Saved entries:
▶
(* Let $\pi:\mathrm{G}'\to\mathrm{G}$ be a surjective group homomorphism whose kernel $\mathrm{C}=\langle c\rangle$ has order $2$. Let $\Delta=\langle(c,c)\rangle\subseteq\mathrm{G}'\times\mathrm{G}'$. Let $\mathrm{H}$ be a subgroup of $\mathrm{G}$ and $\mathrm{H}_0=\{(h,h):h\in\mathrm{H}\}$ its diagonal embedding in $\mathrm{G}\times\mathrm{G}$. Then the pull-back of $\mathrm{H}_0$ under the natural surjection $(\mathrm{G}'\times\mathrm{G}')/\Delta\to\mathrm{G}\times\mathrm{G}$ is a trivial extension of $\mathrm{H}$ by $\mathrm{C}$ (i.e. isomorphic to $\mathrm{H}\times\mathrm{C}$ as an extension).
   Context: The kernel of the natural surjection $(\mathrm{G}'\times\mathrm{G}')/\Delta\to\mathrm{G}\times\mathrm{G}$ induced by $\pi\times\pi$ is the image of $\{(1,1),(1,c)\}$, identified with $\mathrm{C}$. *)

theory Defs
  imports "HOL-Algebra.Algebra"
begin

text \<open>The natural map (G' x G')/Delta -> G x G induced by pi x pi, on cosets.\<close>
definition nat_sq_map :: "('a \<Rightarrow> 'b) \<Rightarrow> ('a \<times> 'a) set \<Rightarrow> 'b \<times> 'b" where
  "nat_sq_map f S = the_elem ((\<lambda>(x, y). (f x, f y)) ` S)"

definition diag :: "'b set \<Rightarrow> ('b \<times> 'b) set" where
  "diag H = {(h, h) | h. h \<in> H}"

end

(*
  The kernel C of \<pi> is normal of order 2, hence central. On the preimage
  K = {(a, b). \<pi> a = \<pi> b \<in> H} of the diagonal of H the map (a, b) \<mapsto> (\<pi> a, a\<inverse> b)
  is therefore a homomorphism onto H \<times> C, multiplicative because a\<inverse> b is central, and
  its kernel is the diagonal of C, which is \<Delta>. The first isomorphism theorem gives
  K/\<Delta> \<cong> H \<times> C, and K/\<Delta> is exactly the pull-back of H\<^sub>0 in (G' \<times> G')/\<Delta>.
*)
theory Submission
  imports Defs
begin

lemma diag_eq_image: "diag A = (\<lambda>x. (x, x)) ` A"
  by (auto simp: diag_def)

lemma (in group) normal_card_2_central:
  assumes "N \<lhd> G" and "card N = 2" and "x \<in> N" and "g \<in> carrier G"
  shows "g \<otimes> x = x \<otimes> g"
proof (cases "x = \<one>")
  case True
  with assms(4) show ?thesis by simp
next
  case False
  interpret N: normal N G by fact
  have x: "x \<in> carrier G" using assms(3) N.subset by blast
  obtain a b where "N = {a, b}"
    using assms(2) unfolding card_2_iff by blast
  then have N_eq: "N = {\<one>, x}"
    using assms(3) False N.one_closed by auto
  have "g \<otimes> x \<otimes> inv g \<in> N" using N.inv_op_closed2 assms(3,4) by blast
  moreover have "g \<otimes> x \<otimes> inv g \<noteq> \<one>"
    using False x assms(4) by (simp add: inv_solve_right')
  ultimately have "g \<otimes> x \<otimes> inv g = x" using N_eq by blast
  then show ?thesis using x assms(4) by (simp add: inv_solve_right')
qed

lemma (in group) diag_group_hom: "group_hom G (G \<times>\<times> G) (\<lambda>x. (x, x))"
  by (intro group_hom.intro group_hom_axioms.intro is_group DirProd_group homI) auto

lemma (in group) generate_diag:
  assumes "K \<subseteq> carrier G"
  shows "generate (G \<times>\<times> G) (diag K) = diag (generate G K)"
  unfolding diag_eq_image using group_hom.generate_img[OF diag_group_hom assms] .

lemma (in group_hom) nat_sq_map_diag_kernel_coset:
  assumes "a \<in> carrier G" and "b \<in> carrier G"
  shows "nat_sq_map h (diag (kernel G H h) #>\<^bsub>G \<times>\<times> G\<^esub> (a, b)) = (h a, h b)"
proof -
  let ?U = "diag (kernel G H h) #>\<^bsub>G \<times>\<times> G\<^esub> (a, b)"
  have "(\<one> \<otimes> a, \<one> \<otimes> b) \<in> ?U"
    by (force simp: r_coset_def diag_def kernel_def)
  moreover have "(\<lambda>(x, y). (h x, h y)) ` ?U \<subseteq> {(h a, h b)}"
    using assms by (auto simp: r_coset_def kernel_def diag_def)
  ultimately have "(\<lambda>(x, y). (h x, h y)) ` ?U = {(h a, h b)}"
    using assms by force
  then show ?thesis by (simp add: nat_sq_map_def)
qed

definition (in group_hom) diag_pullback :: "'c set \<Rightarrow> ('a \<times> 'a) set" where
  "diag_pullback S = {(a, b) \<in> carrier G \<times> carrier G. (h a, h b) \<in> diag S}"

definition (in group_hom) pullback_coords :: "'a \<times> 'a \<Rightarrow> 'c \<times> 'a" where
  "pullback_coords = (\<lambda>(a, b). (h a, inv a \<otimes> b))"

lemma (in group_hom) subgroup_diag_pullback:
  assumes "subgroup S H"
  shows "subgroup (diag_pullback S) (G \<times>\<times> G)"
proof -
  interpret S: subgroup S H by fact
  interpret GG: group "G \<times>\<times> G" by (rule DirProd_group) (rule G.is_group)+
  show ?thesis
  proof (rule GG.subgroupI)
    fix x y assume "x \<in> diag_pullback S" "y \<in> diag_pullback S"
    then show "inv\<^bsub>G \<times>\<times> G\<^esub> x \<in> diag_pullback S" "x \<otimes>\<^bsub>G \<times>\<times> G\<^esub> y \<in> diag_pullback S"
      by (auto simp: diag_pullback_def diag_def G.is_group)
  next
    have "(\<one>, \<one>) \<in> diag_pullback S"
      by (simp add: diag_pullback_def diag_def)
    then show "diag_pullback S \<noteq> {}" by blast
  qed (auto simp: diag_pullback_def)
qed

lemma (in group_hom) pullback_coords_mem:
  assumes "x \<in> diag_pullback S"
  shows "pullback_coords x \<in> S \<times> kernel G H h"
  using assms by (auto simp: diag_pullback_def diag_def pullback_coords_def kernel_def)

lemma (in group_hom) pullback_coords_hom:
  assumes central: "\<And>x g. x \<in> kernel G H h \<Longrightarrow> g \<in> carrier G \<Longrightarrow> g \<otimes> x = x \<otimes> g"
  shows "pullback_coords \<in> hom ((G \<times>\<times> G)\<lparr>carrier := diag_pullback S\<rparr>)
           (H\<lparr>carrier := S\<rparr> \<times>\<times> G\<lparr>carrier := kernel G H h\<rparr>)"
proof (rule homI)
  fix x assume "x \<in> carrier ((G \<times>\<times> G)\<lparr>carrier := diag_pullback S\<rparr>)"
  then show "pullback_coords x \<in> carrier (H\<lparr>carrier := S\<rparr> \<times>\<times> G\<lparr>carrier := kernel G H h\<rparr>)"
    using pullback_coords_mem by simp
next
  fix x y assume "x \<in> carrier ((G \<times>\<times> G)\<lparr>carrier := diag_pullback S\<rparr>)"
    and "y \<in> carrier ((G \<times>\<times> G)\<lparr>carrier := diag_pullback S\<rparr>)"
  then obtain a b a' b' where xy: "x = (a, b)" "y = (a', b')"
    and ab: "a \<in> carrier G" "b \<in> carrier G" "a' \<in> carrier G" "b' \<in> carrier G"
    and k: "inv a \<otimes> b \<in> kernel G H h"
    using pullback_coords_mem by (fastforce simp: diag_pullback_def pullback_coords_def)
  have "inv (a \<otimes> a') \<otimes> (b \<otimes> b') = inv a' \<otimes> ((inv a \<otimes> b) \<otimes> b')"
    using ab by (simp add: G.inv_mult_group G.m_assoc)
  also have "\<dots> = (inv a \<otimes> b) \<otimes> (inv a' \<otimes> b')"
    using central[OF k, of "inv a'"] ab by (simp flip: G.m_assoc)
  finally show "pullback_coords (x \<otimes>\<^bsub>(G \<times>\<times> G)\<lparr>carrier := diag_pullback S\<rparr>\<^esub> y)
      = pullback_coords x \<otimes>\<^bsub>H\<lparr>carrier := S\<rparr> \<times>\<times> G\<lparr>carrier := kernel G H h\<rparr>\<^esub> pullback_coords y"
    using ab by (simp add: xy pullback_coords_def)
qed

lemma (in group_hom) pullback_coords_image:
  assumes "S \<subseteq> h ` carrier G"
  shows "pullback_coords ` diag_pullback S = S \<times> kernel G H h"
proof
  show "pullback_coords ` diag_pullback S \<subseteq> S \<times> kernel G H h"
    using pullback_coords_mem by blast
  show "S \<times> kernel G H h \<subseteq> pullback_coords ` diag_pullback S"
  proof clarify
    fix s k assume s: "s \<in> S" and k: "k \<in> kernel G H h"
    then obtain a where a: "a \<in> carrier G" "s = h a" using assms by blast
    have kG: "k \<in> carrier G" "h k = \<one>\<^bsub>H\<^esub>" using k by (auto simp: kernel_def)
    have "(a, a \<otimes> k) \<in> diag_pullback S"
      using a s kG by (simp add: diag_pullback_def diag_def)
    moreover have "pullback_coords (a, a \<otimes> k) = (s, k)"
      using a kG by (simp add: pullback_coords_def flip: G.m_assoc)
    ultimately show "(s, k) \<in> pullback_coords ` diag_pullback S" by force
  qed
qed

lemma (in group_hom) kernel_pullback_coords:
  assumes "subgroup S H"
  shows "kernel ((G \<times>\<times> G)\<lparr>carrier := diag_pullback S\<rparr>)
           (H\<lparr>carrier := S\<rparr> \<times>\<times> G\<lparr>carrier := kernel G H h\<rparr>) pullback_coords
         = diag (kernel G H h)"
  using subgroup.one_closed[OF assms]
  by (auto simp: kernel_def diag_pullback_def diag_def pullback_coords_def G.inv_solve_left')

lemma (in group_hom) FactGroup_inv_iso:
  assumes "h ` carrier G = carrier H"
  obtains \<phi> where "\<phi> \<in> iso H (G Mod kernel G H h)"
    and "\<And>x. x \<in> carrier G \<Longrightarrow> \<phi> (h x) = kernel G H h #> x"
proof
  let ?K = "kernel G H h"
  have iso: "(\<lambda>U. the_elem (h ` U)) \<in> iso (G Mod ?K) H"
    using FactGroup_iso_set[OF assms] .
  interpret GK: group "G Mod ?K"
    using normal.factorgroup_is_group[OF normal_kernel] .
  show "inv_into (carrier (G Mod ?K)) (\<lambda>U. the_elem (h ` U)) \<in> iso H (G Mod ?K)"
    using GK.iso_set_sym[OF iso] .
  fix x assume x: "x \<in> carrier G"
  have "h ` (?K #> x) = {h x}"
  proof
    show "h ` (?K #> x) \<subseteq> {h x}"
      using x by (auto simp: kernel_def r_coset_def)
    have "x \<in> ?K #> x"
      using x by (simp add: G.rcos_self subgroup_kernel)
    then show "{h x} \<subseteq> h ` (?K #> x)" by blast
  qed
  moreover have "?K #> x \<in> carrier (G Mod ?K)"
    using x by (auto simp: FactGroup_def RCOSETS_def)
  ultimately show "inv_into (carrier (G Mod ?K)) (\<lambda>U. the_elem (h ` U)) (h x) = ?K #> x"
    using FactGroup_inj_on by (simp add: inv_into_f_eq)
qed

lemma (in group_hom) FactGroup_diag_pullback:
  assumes "subgroup S H"
  shows "((G \<times>\<times> G) Mod diag (kernel G H h))
           \<lparr>carrier := {U \<in> carrier ((G \<times>\<times> G) Mod diag (kernel G H h)). nat_sq_map h U \<in> diag S}\<rparr>
         = (G \<times>\<times> G)\<lparr>carrier := diag_pullback S\<rparr> Mod diag (kernel G H h)"
proof -
  let ?N = "diag (kernel G H h)"
  have "{U \<in> rcosets\<^bsub>G \<times>\<times> G\<^esub> ?N. nat_sq_map h U \<in> diag S}
        = (\<Union>x\<in>diag_pullback S. {?N #>\<^bsub>G \<times>\<times> G\<^esub> x})"
    using nat_sq_map_diag_kernel_coset by (auto simp: RCOSETS_def diag_pullback_def) blast
  moreover have "set_mult ((G \<times>\<times> G)\<lparr>carrier := diag_pullback S\<rparr>) = set_mult (G \<times>\<times> G)"
    by (simp add: set_mult_def fun_eq_iff)
  ultimately show ?thesis
    by (simp add: FactGroup_def RCOSETS_def r_coset_def)
qed

lemma (in group_hom) FactGroup_diag_pullback_iso:
  assumes "subgroup S H" and "S \<subseteq> h ` carrier G"
    and central: "\<And>x g. x \<in> kernel G H h \<Longrightarrow> g \<in> carrier G \<Longrightarrow> g \<otimes> x = x \<otimes> g"
  obtains \<phi> where "\<phi> \<in> iso (H\<lparr>carrier := S\<rparr> \<times>\<times> G\<lparr>carrier := kernel G H h\<rparr>)
                       ((G \<times>\<times> G)\<lparr>carrier := diag_pullback S\<rparr> Mod diag (kernel G H h))"
    and "\<And>x. x \<in> diag_pullback S \<Longrightarrow> \<phi> (pullback_coords x) = diag (kernel G H h) #>\<^bsub>G \<times>\<times> G\<^esub> x"
proof -
  let ?A = "(G \<times>\<times> G)\<lparr>carrier := diag_pullback S\<rparr>"
  let ?B = "H\<lparr>carrier := S\<rparr> \<times>\<times> G\<lparr>carrier := kernel G H h\<rparr>"
  interpret coords: group_hom ?A ?B pullback_coords
  proof (intro group_hom.intro group_hom_axioms.intro)
    show "group ?A"
      using subgroup_diag_pullback[OF assms(1)] DirProd_group[OF G.is_group G.is_group]
      by (rule subgroup.subgroup_is_group)
    show "group ?B"
      using DirProd_group[OF subgroup.subgroup_is_group[OF assms(1) H.is_group]
          subgroup.subgroup_is_group[OF subgroup_kernel G.is_group]] .
    show "pullback_coords \<in> hom ?A ?B"
      using pullback_coords_hom[OF central] .
  qed
  have "pullback_coords ` carrier ?A = carrier ?B"
    using pullback_coords_image[OF assms(2)] by simp
  from coords.FactGroup_inv_iso[OF this] obtain \<phi>
    where "\<phi> \<in> iso ?B (?A Mod diag (kernel G H h))"
      and "\<And>x. x \<in> carrier ?A \<Longrightarrow> \<phi> (pullback_coords x) = diag (kernel G H h) #>\<^bsub>?A\<^esub> x"
    unfolding kernel_pullback_coords[OF assms(1)] by blast
  then show ?thesis
    using that by (simp add: r_coset_def)
qed

theorem lemma3p5:
  fixes G' :: "('a, 'm) monoid_scheme" and G :: "('b, 'n) monoid_scheme"
    and p :: "'a \<Rightarrow> 'b" and c :: 'a and H :: "'b set"
    and \<Delta> :: "('a \<times> 'a) set" and Q :: "('a \<times> 'a) set monoid"
    and P :: "('a \<times> 'a) set set" and C :: "'a set"
  assumes "group G'" and "group G"
    and "p \<in> hom G' G" and "p ` carrier G' = carrier G"
    and "c \<in> carrier G'"
    and "kernel G' G p = generate G' {c}"
    and "card (kernel G' G p) = 2"
    and "subgroup H G"
    and "\<Delta> = generate (DirProd G' G') {(c, c)}"
    and "Q = DirProd G' G' Mod \<Delta>"
    and "P = {S. S \<in> carrier Q \<and> nat_sq_map p S \<in> diag H}"
    and "C = kernel G' G p"
  shows "\<exists>\<phi>. \<phi> \<in> iso (DirProd (G\<lparr>carrier := H\<rparr>) (G'\<lparr>carrier := C\<rparr>)) (Q\<lparr>carrier := P\<rparr>)
            \<and> (\<forall>x\<in>C. \<phi> (\<one>\<^bsub>G\<^esub>, x) = \<Delta> #>\<^bsub>DirProd G' G'\<^esub> (\<one>\<^bsub>G'\<^esub>, x))
            \<and> (\<forall>h\<in>H. \<forall>x\<in>C. fst (nat_sq_map p (\<phi> (h, x))) = h)"
proof -
  interpret p: group_hom G' G p
    using assms(1-3) by (simp add: group_hom_def group_hom_axioms_def)
  have "diag {c} = {(c, c)}" by (auto simp: diag_def)
  then have \<Delta>_eq: "\<Delta> = diag C"
    using group.generate_diag[OF assms(1), of "{c}"] assms(5,6,9,12) by simp
  have H_sub: "H \<subseteq> p ` carrier G'"
    using subgroup.subset[OF assms(8)] assms(4) by simp
  have central: "\<And>x g. x \<in> kernel G' G p \<Longrightarrow> g \<in> carrier G' \<Longrightarrow> g \<otimes>\<^bsub>G'\<^esub> x = x \<otimes>\<^bsub>G'\<^esub> g"
    using group.normal_card_2_central[OF assms(1) p.normal_kernel assms(7)] by blast
  obtain \<phi> where \<phi>_iso: "\<phi> \<in> iso (G\<lparr>carrier := H\<rparr> \<times>\<times> G'\<lparr>carrier := C\<rparr>)
                               ((G' \<times>\<times> G')\<lparr>carrier := p.diag_pullback H\<rparr> Mod \<Delta>)"
    and \<phi>_coords: "\<And>x. x \<in> p.diag_pullback H \<Longrightarrow> \<phi> (p.pullback_coords x) = \<Delta> #>\<^bsub>G' \<times>\<times> G'\<^esub> x"
    using p.FactGroup_diag_pullback_iso[OF assms(8) H_sub central]
    unfolding \<Delta>_eq assms(12) by blast
  have "Q\<lparr>carrier := P\<rparr> = (G' \<times>\<times> G')\<lparr>carrier := p.diag_pullback H\<rparr> Mod \<Delta>"
    using p.FactGroup_diag_pullback[OF assms(8)] assms(10-12) \<Delta>_eq by simp
  show ?thesis
  proof (intro exI conjI ballI)
    show "\<phi> \<in> iso (G\<lparr>carrier := H\<rparr> \<times>\<times> G'\<lparr>carrier := C\<rparr>) (Q\<lparr>carrier := P\<rparr>)"
      using \<phi>_iso \<open>Q\<lparr>carrier := P\<rparr> = _\<close> by simp
  next
    fix x assume "x \<in> C"
    then show "\<phi> (\<one>\<^bsub>G\<^esub>, x) = \<Delta> #>\<^bsub>G' \<times>\<times> G'\<^esub> (\<one>\<^bsub>G'\<^esub>, x)"
      using \<phi>_coords[of "(\<one>\<^bsub>G'\<^esub>, x)"] subgroup.one_closed[OF assms(8)] assms(12)
      by (simp add: p.diag_pullback_def p.pullback_coords_def diag_def kernel_def)
  next
    fix h x assume "h \<in> H" "x \<in> C"
    then obtain a b where ab: "(a, b) \<in> p.diag_pullback H" "p.pullback_coords (a, b) = (h, x)"
      using p.pullback_coords_image[OF H_sub] assms(12) by force
    then show "fst (nat_sq_map p (\<phi> (h, x))) = h"
      using \<phi>_coords[OF ab(1)] p.nat_sq_map_diag_kernel_coset \<Delta>_eq assms(12)
      by (auto simp: p.diag_pullback_def p.pullback_coords_def)
  qed
qed

end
◀
- What is required
In your answer, include only the lines above starting at the line that holds "unfolding kernel_pullback_coords[OF assms(1)]" and ending at the line that holds "generate (DirProd G'", copied exactly.

- Response to the task
    unfolding kernel_pullback_coords[OF assms(1)] by blast
  then show ?thesis
    using that by (simp add: r_coset_def)
qed

theorem lemma3p5:
  fixes G' :: "('a, 'm) monoid_scheme" and G :: "('b, 'n) monoid_scheme"
    and p :: "'a \<Rightarrow> 'b" and c :: 'a and H :: "'b set"
    and \<Delta> :: "('a \<times> 'a) set" and Q :: "('a \<times> 'a) set monoid"
    and P :: "('a \<times> 'a) set set" and C :: "'a set"
  assumes "group G'" and "group G"
    and "p \<in> hom G' G" and "p ` carrier G' = carrier G"
    and "c \<in> carrier G'"
    and "kernel G' G p = generate G' {c}"
    and "card (kernel G' G p) = 2"
    and "subgroup H G"
    and "\<Delta> = generate (DirProd G' G') {(c, c)}"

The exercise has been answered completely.